French newspaper publisher and politician

Raymond Patenôtre (July 31, 1900 – June 19, 1951) was the American-born son of the French ambassador to the United States Jules Patenotre des Noyers. He was a newspaper publisher and politician. Patenotre inherited his fortune from his mother: a Philadelphia-born heiress whose father, Col James Elverson, was the owner of the Philadelphia Inquirer which Patenotre later sold on behalf of his mother in a scheme to avoid paying taxes on the proceeds. He acquired La Sarthe, L'Écho républicain de l'Ouest, Le Régional de l'Ouest, Le Petit Var and Petit Niçois.

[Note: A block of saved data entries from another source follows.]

(* Suppose the linear system $\dot x = A(t)x$ has a nonuniform exponential dichotomy on $\mathbb{R}_0^+$ with constants $(K,\alpha,\mu)$ and a nonuniform bounded growth on $\mathbb{R}_0^+$ with constants $(K_0,a,\varepsilon)$. Then $$a+\max\{\mu,\varepsilon\}\geq \alpha .$$
   Context: Standing setting: $A\colon\mathbb{R}_0^+=[0,+\infty)\to M_n(\mathbb{R})$ is continuous, $\Phi(t)$ is a fundamental matrix of $\dot x=A(t)x$, and $\Phi(t,s):=\Phi(t)\Phi^{-1}(s)$ is the evolution operator. $|\cdot|$ is a norm on $\mathbb{R}^n$ and $\|\cdot\|$ the induced matrix norm. Nonuniform exponential dichotomy on $\mathbb{R}_0^+$ with constants $(K,\alpha,\mu)$: there exist a projector-valued function $P(\cdot)$ (i.e. $P(t)^2=P(t)$) and constants $K\ge 1$, $\alpha>0$, $0\le\mu<\alpha$ such that for all $t,s\ge 0$: $P(t)\Phi(t,s)=\Phi(t,s)P(s)$; $\|\Phi(t,s)P(s)\|\le Ke^{-\alpha(t-s)+\mu s}$ for $t\ge s$; and $\|\Phi(t,s)(I-P(s))\|\le Ke^{\alpha(t-s)+\mu s}$ for $t\le s$. Nonuniform bounded growth on $\mathbb{R}_0^+$ with constants $(K_0,a,\varepsilon)$: there exist $K_0\ge1$, $a>0$, $\varepsilon\ge0$ with $\|\Phi(t,s)\|\le K_0e^{a|t-s|+\varepsilon s}$ for all $t,s\ge0$. *)

theory Defs
  imports "HOL-Analysis.Analysis"
begin

definition is_norm :: "(real^'n \<Rightarrow> real) \<Rightarrow> bool" where
  "is_norm N \<longleftrightarrow> (\<forall>x. 0 \<le> N x) \<and> (\<forall>x. N x = 0 \<longleftrightarrow> x = 0)
     \<and> (\<forall>c x. N (c *\<^sub>R x) = \<bar>c\<bar> * N x) \<and> (\<forall>x y. N (x + y) \<le> N x + N y)"

definition induced_norm :: "(real^'n \<Rightarrow> real) \<Rightarrow> real^'n^'n \<Rightarrow> real" where
  "induced_norm N M = (SUP x\<in>{x. N x = 1}. N (M *v x))"

definition fundamental_matrix :: "(real \<Rightarrow> real^'n^'n) \<Rightarrow> (real \<Rightarrow> real^'n^'n) \<Rightarrow> bool" where
  "fundamental_matrix A \<Phi> \<longleftrightarrow>
     (\<forall>t\<ge>0. (\<Phi> has_vector_derivative (A t ** \<Phi> t)) (at t within {0..}))
     \<and> (\<forall>t\<ge>0. invertible (\<Phi> t))"

definition evol :: "(real \<Rightarrow> real^'n^'n) \<Rightarrow> real \<Rightarrow> real \<Rightarrow> real^'n^'n" where
  "evol \<Phi> t s = \<Phi> t ** matrix_inv (\<Phi> s)"

definition nonuniform_exp_dichotomy ::
  "(real^'n \<Rightarrow> real) \<Rightarrow> (real \<Rightarrow> real^'n^'n) \<Rightarrow> (real \<Rightarrow> real^'n^'n) \<Rightarrow> real \<Rightarrow> real \<Rightarrow> real \<Rightarrow> bool" where
  "nonuniform_exp_dichotomy N \<Phi> P K \<alpha> \<mu> \<longleftrightarrow>
     K \<ge> 1 \<and> \<alpha> > 0 \<and> 0 \<le> \<mu> \<and> \<mu> < \<alpha>
     \<and> (\<forall>t\<ge>0. P t ** P t = P t)
     \<and> (\<forall>t s. 0 \<le> t \<longrightarrow> 0 \<le> s \<longrightarrow> P t ** evol \<Phi> t s = evol \<Phi> t s ** P s)
     \<and> (\<forall>t s. 0 \<le> s \<longrightarrow> s \<le> t \<longrightarrow>
          induced_norm N (evol \<Phi> t s ** P s) \<le> K * exp (- \<alpha> * (t - s) + \<mu> * s))
     \<and> (\<forall>t s. 0 \<le> t \<longrightarrow> t \<le> s \<longrightarrow>
          induced_norm N (evol \<Phi> t s ** (mat 1 - P s)) \<le> K * exp (\<alpha> * (t - s) + \<mu> * s))"

definition nonuniform_bounded_growth ::
  "(real^'n \<Rightarrow> real) \<Rightarrow> (real \<Rightarrow> real^'n^'n) \<Rightarrow> real \<Rightarrow> real \<Rightarrow> real \<Rightarrow> bool" where
  "nonuniform_bounded_growth N \<Phi> K0 a \<epsilon> \<longleftrightarrow>
     K0 \<ge> 1 \<and> a > 0 \<and> \<epsilon> \<ge> 0
     \<and> (\<forall>t s. 0 \<le> t \<longrightarrow> 0 \<le> s \<longrightarrow>
          induced_norm N (evol \<Phi> t s) \<le> K0 * exp (a * \<bar>t - s\<bar> + \<epsilon> * s))"

end

theory Submission
  imports Defs
begin

text \<open>
  If some projector \<open>P s\<close> is nonzero, take \<open>x \<noteq> 0\<close> in its range and write
  \<open>x = \<Phi>(s,t) \<Phi>(t,s) P(s) x\<close> with \<open>t = s + d\<close>. Bounded growth for the first factor
  and the stable estimate for the second give \<open>1 \<le> C exp ((a + \<epsilon> - \<alpha>) d)\<close> for all
  \<open>d \<ge> 0\<close>, hence \<open>\<alpha> \<le> a + \<epsilon>\<close>. Otherwise \<open>P = 0\<close>, so every vector is governed by the
  unstable estimate, and \<open>x = \<Phi>(s,0) \<Phi>(0,s) x\<close> gives \<open>1 \<le> C exp ((a + \<mu> - \<alpha>) s)\<close>
  for all \<open>s \<ge> 0\<close>, hence \<open>\<alpha> \<le> a + \<mu>\<close>.
\<close>

lemma is_norm_zero: "is_norm N \<Longrightarrow> N 0 = 0"
  unfolding is_norm_def by auto

lemma is_norm_pos: "is_norm N \<Longrightarrow> x \<noteq> 0 \<Longrightarrow> N x > 0"
  unfolding is_norm_def by (metis less_eq_real_def)

lemma is_norm_minus: "is_norm N \<Longrightarrow> N (- x) = N x"
  unfolding is_norm_def by (metis abs_minus_cancel abs_one mult_1 scaleR_minus1_left)

lemma is_norm_sum:
  assumes "is_norm N" "finite S"
  shows "N (sum f S) \<le> (\<Sum>i\<in>S. N (f i))"
  using assms(2)
proof (induction S rule: finite_induct)
  case empty
  then show ?case using is_norm_zero[OF assms(1)] by simp
next
  case (insert x F)
  have "N (sum f (insert x F)) \<le> N (f x) + N (sum f F)"
    using insert assms(1) unfolding is_norm_def by simp
  then show ?case using insert by simp
qed

lemma is_norm_le_mult_norm:
  fixes N :: "real^'n \<Rightarrow> real"
  assumes "is_norm N"
  obtains C where "C \<ge> 0" "\<And>x. N x \<le> C * norm x"
proof
  define C where "C = (\<Sum>i\<in>UNIV. N (axis i (1::real)))"
  show "C \<ge> 0" unfolding C_def using assms unfolding is_norm_def by (simp add: sum_nonneg)
  fix x :: "real^'n"
  have "N x = N (\<Sum>i\<in>UNIV. (x$i) *\<^sub>R axis i 1)"
    using basis_expansion[of x] by (simp add: scalar_mult_eq_scaleR)
  also have "\<dots> \<le> (\<Sum>i\<in>UNIV. N ((x$i) *\<^sub>R axis i 1))"
    by (rule is_norm_sum[OF assms]) simp
  also have "\<dots> = (\<Sum>i\<in>UNIV. \<bar>x$i\<bar> * N (axis i 1))"
    using assms unfolding is_norm_def by simp
  also have "\<dots> \<le> (\<Sum>i\<in>UNIV. norm x * N (axis i 1))"
    using component_le_norm_cart assms unfolding is_norm_def
    by (intro sum_mono mult_right_mono) auto
  also have "\<dots> = C * norm x" unfolding C_def by (simp add: sum_distrib_left mult.commute)
  finally show "N x \<le> C * norm x" .
qed

lemma continuous_on_is_norm:
  fixes N :: "real^'n \<Rightarrow> real"
  assumes "is_norm N"
  shows "continuous_on UNIV N"
proof -
  obtain C where C: "C \<ge> 0" "\<And>x. N x \<le> C * norm x" using is_norm_le_mult_norm[OF assms] by blast
  have "\<bar>N x - N y\<bar> \<le> C * norm (x - y)" for x y
  proof -
    have "N x \<le> N (x - y) + N y" "N y \<le> N (y - x) + N x"
      using assms unfolding is_norm_def by (metis diff_add_cancel)+
    moreover have "N (y - x) = N (x - y)" using is_norm_minus[OF assms, of "x - y"] by simp
    ultimately have "\<bar>N x - N y\<bar> \<le> N (x - y)" by linarith
    then show ?thesis using C(2) order_trans by blast
  qed
  then have "C-lipschitz_on UNIV N"
    unfolding lipschitz_on_def using C(1) by (simp add: dist_norm)
  then show ?thesis by (rule lipschitz_on_continuous_on)
qed

text \<open>The reverse comparison comes from the minimum of \<open>N\<close> on the compact unit sphere.\<close>

lemma is_norm_ge_mult_norm:
  fixes N :: "real^'n \<Rightarrow> real"
  assumes "is_norm N"
  obtains c where "c > 0" "\<And>x. c * norm x \<le> N x"
proof -
  have "norm (axis undefined (1::real) :: real^'n) = 1" by simp
  then have "sphere (0::real^'n) 1 \<noteq> {}" by (metis dist_0_norm mem_sphere empty_iff)
  then obtain x0 where x0: "x0 \<in> sphere 0 1" "\<And>y. y \<in> sphere 0 1 \<Longrightarrow> N x0 \<le> N y"
    using continuous_attains_inf[OF compact_sphere _ continuous_on_subset[OF continuous_on_is_norm[OF assms]]]
    by blast
  have "x0 \<noteq> 0" using x0(1) by auto
  have "N x0 * norm x \<le> N x" for x
  proof (cases "x = 0")
    case True
    then show ?thesis using is_norm_zero[OF assms] by simp
  next
    case False
    then have "N x0 \<le> N ((1 / norm x) *\<^sub>R x)" by (intro x0(2)) simp
    also have "\<dots> = N x / norm x" using assms unfolding is_norm_def by simp
    finally show ?thesis using False by (simp add: field_simps)
  qed
  with is_norm_pos[OF assms \<open>x0 \<noteq> 0\<close>] that show thesis by blast
qed

lemma bdd_above_induced_norm:
  fixes N :: "real^'n \<Rightarrow> real" and M :: "real^'n^'n"
  assumes "is_norm N"
  shows "bdd_above ((\<lambda>x. N (M *v x)) ` {x. N x = 1})"
proof -
  obtain C where C: "C \<ge> 0" "\<And>x. N x \<le> C * norm x" using is_norm_le_mult_norm[OF assms] by blast
  obtain c where c: "c > 0" "\<And>x. c * norm x \<le> N x" using is_norm_ge_mult_norm[OF assms] by blast
  obtain B where B: "\<And>x. norm (M *v x) \<le> norm x * B" "B > 0"
    using bounded_linear.pos_bounded[OF matrix_vector_mul_bounded_linear] by blast
  have "N (M *v x) \<le> C * (1 / c * B)" if "N x = 1" for x
  proof -
    have "norm x \<le> 1 / c" using c(2)[of x] c(1) that by (simp add: field_simps)
    then have "norm (M *v x) \<le> 1 / c * B" using B by (meson mult_right_mono less_imp_le order_trans)
    then show ?thesis using C by (meson mult_left_mono order_trans)
  qed
  then show ?thesis unfolding bdd_above_def by blast
qed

In August 1933, Patenotre was a co-founder of the French Committee for the Defense of Jewish Rights in Central and Eastern Europe. The committee vowed to fight antisemitic propaganda and to fight against antisemitic legislation. Patenotre's newspapers in Lyon and Nice supported the wartime French Vichy government and embraced the idea of "the New Europe" under German auspices. He served as a member of the Chamber of Deputies from 1928 to 1936, representing Seine-et-Oise.

Through his media empire, Patenôtre promoted the early career of Pierre Laval, who went on to serve as the French Prime Minister from 1942 to 1944 and later executed for treason. Patenotre was arrested on December 13, 1944, by judicial authorities in Lyon pursuing a purge of war time collaborators. Albert Lejeune, editor of the Riviera newspaper Petit Nicois published by Patenotre, was executed for collaboration despite a last minute plea for reprieve on the grounds that he had evidence against Patenotre.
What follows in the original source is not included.